The total picture is one of great complexity where theoretical 'a priori' approaches by eager academics often collapse before the evidence. Foster is nothing if not filled with sound common sense and judgement.
Perhaps it was always logical in any case that Protestants and converts from Catholicism would play a dynamic role in the creation of a national myth in its early stages since that is where the education first lay - in the Ascendancy.
A Catholic middle class is emergent in the nineteenth century but its first instinct is to do well within the Empire and alongside the Ascendancy. Literature tends to be a middle class game.
Foster gives us enough evidence here to see that it was not inconceivable in theory that an intellectual approach, from within its own elite, might have been developed that would have had Ireland follow a trajectory similar to that of Scotland.
However such an intellectual alternative history would always have been hard going in the long run on simple socio-economic facts and cultural differences as well as the fearful colonial instincts of London (who seem to have managed to got wrong everything they could possibly get wrong from the Famine onwards).
Revisionism can only go so far because history is not only the history that says that things might have been different but also that they were not. Turns into alternative universes were not taken and we need to respect that there were reasons for this.
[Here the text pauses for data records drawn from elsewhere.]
lemma Sigma_psi_commute_dpsi:
  assumes "T \<in> Sigma_psi psi"
  shows "T (D p) = D (T p)"
proof -
  have lin: "flinear T" and comm: "\<And>a q. T (Epsi psi a q) = Epsi psi a (T q)"
    using assms by (auto simp: Sigma_psi_def fun_eq_iff)
  define N where "N = Suc (max (degree p) (degree (T p)))"
  define E where "E k = T ((D ^^ k) p) - (D ^^ k) (T p)" for k
  have Epsi_sum: "Epsi psi a q = (\<Sum>k\<le>N. smult (a ^ k) (smult (psi k) ((D ^^ k) q)))"
    if "degree q \<le> N" for a q
    using that by (simp add: Epsi_eq_dpsi_series dpsi_series_eq_sum[of q N] mult.commute)
  have "degree p \<le> N" "degree (T p) \<le> N"
    by (simp_all add: N_def)
  then have "(\<Sum>k\<le>N. smult (a ^ k) (smult (psi k) (E k))) = 0" for a
    using comm[of a p] Epsi_sum[of p a] Epsi_sum[of "T p" a]
    by (simp add: E_def flinear_sum[OF lin] flinear_smult[OF lin] smult_diff_right
        sum_subtractf)
  then have "smult (psi 1) (E 1) = 0"
    by (rule sum_smult_powers_eq_0) (simp add: N_def)
  then show ?thesis
    using psi_nonzero[of 1] by (simp add: E_def)
qed

lemma Sigma_psi_eq_range_dpsi_series: "Sigma_psi psi = range dpsi_series"
proof
  show "Sigma_psi psi \<subseteq> range dpsi_series"
  proof
    fix T
    assume "T \<in> Sigma_psi psi"
    then have "T = dpsi_series (dpsi_symbol T)"
      by (intro dpsi_series_dpsi_symbol Sigma_psi_commute_dpsi) (simp add: Sigma_psi_def)
    then show "T \<in> range dpsi_series" by blast
  qed
qed (auto simp: dpsi_series_in_Sigma_psi)

lemma delta_op_dpsi_series_iff: "delta_op psi (dpsi_series f) \<longleftrightarrow> f $ 0 = 0 \<and> f $ 1 \<noteq> 0"
  by (auto simp: delta_op_def dpsi_series_in_Sigma_psi dpsi_series_x psi_nonzero)

end

theorem mainTheorem10:
  fixes psi :: "nat \<Rightarrow> 'a::field_char_0" and Q :: "'a poly \<Rightarrow> 'a poly"
  assumes "psi 0 = 1" and "\<forall>n. psi n \<noteq> 0" and "flinear Q"
  shows "delta_op psi Q \<longleftrightarrow>
    (\<exists>S S'. S \<in> Sigma_psi psi \<and> S' \<in> Sigma_psi psi \<and> S \<circ> S' = id \<and> S' \<circ> S = id
       \<and> Q = dpsi psi \<circ> S)"
proof -
  interpret psi_sequence psi
    using assms(1,2) by unfold_locales auto
  show ?thesis
  proof
    assume "delta_op psi Q"
    then obtain f where Q: "Q = dpsi_series f" and "f $ 0 = 0" and "f $ 1 \<noteq> 0"
      using Sigma_psi_eq_range_dpsi_series delta_op_dpsi_series_iff
      by (auto simp: delta_op_def)
    define g where "g = fps_shift 1 f"
    have "f = fps_X * g" and g0: "g $ 0 \<noteq> 0"
      using \<open>f $ 0 = 0\<close> \<open>f $ 1 \<noteq> 0\<close> by (auto intro: fps_ext simp: g_def)
    then have "Q = D \<circ> dpsi_series g"
      by (simp add: Q dpsi_series_mult flip: dpsi_series_X)
    with g0 show "\<exists>S S'. S \<in> Sigma_psi psi \<and> S' \<in> Sigma_psi psi \<and> S \<circ> S' = id
        \<and> S' \<circ> S = id \<and> Q = D \<circ> S"
      by (intro exI[of _ "dpsi_series g"] exI[of _ "dpsi_series (inverse g)"])
        (simp add: dpsi_series_in_Sigma_psi dpsi_series_comp_eq_id_iff inverse_mult_eq_1
          inverse_mult_eq_1')
  next
    assume "\<exists>S S'. S \<in> Sigma_psi psi \<and> S' \<in> Sigma_psi psi \<and> S \<circ> S' = id
        \<and> S' \<circ> S = id \<and> Q = D \<circ> S"
    then obtain g g' where inv: "dpsi_series g' \<circ> dpsi_series g = id"
      and "Q = D \<circ> dpsi_series g"
      by (auto simp: Sigma_psi_eq_range_dpsi_series)
    then have "Q = dpsi_series (fps_X * g)"
      by (simp add: dpsi_series_mult flip: dpsi_series_X)
    moreover have "g' * g = 1"
      using inv by (simp only: dpsi_series_comp_eq_id_iff)
    ultimately show "delta_op psi Q"
      by (auto simp: delta_op_dpsi_series_iff dest: arg_cong[of _ _ "\<lambda>h. h $ 0"])
  qed
qed

end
The utter nonsense of late radicalised Irish romantic nationalism neither came from a vacuum (as Foster demonstrates brilliantly) but nor did it operate in a vacuum. Late British Imperialism ideologically called into being its opposite.
Famine, diaspora, resentment, land wars, brutalities, the sense of sectarian injustice mingling with class war - these were all situations requiring an ideological tool for the mobilisation of power once a few men decided that there was an injustice to be fought (and there was).
Perhaps, we might see late Irish nationalism as, structurally, a form of Celtic Baathism before its time, to which Yeats was to contribute regardless of his own sophistication and cosmopolitanism just because he was 'to hand' as the creative genius for the moment.
I am sure of the Current 'meaning' of the revisionist school as a political necessity in a time of European projects and the emergence of the peace and reconciliation industry, but the truth of its analyses of the past should not hide other truths that may be less convenient.
Foster has given us an excellent short guide to the history of Irish nationalist ideology before it became fully radicalised. The book is well illustrated throughout with excellent resources at the back for further study. Recommended.
Interesting. It's a brief account of the place of Yeats in a wider Irish literary tradition. It's well done but an odd book that sits uneasily between being a scholastic study and a collection of general essays. Worthwhile.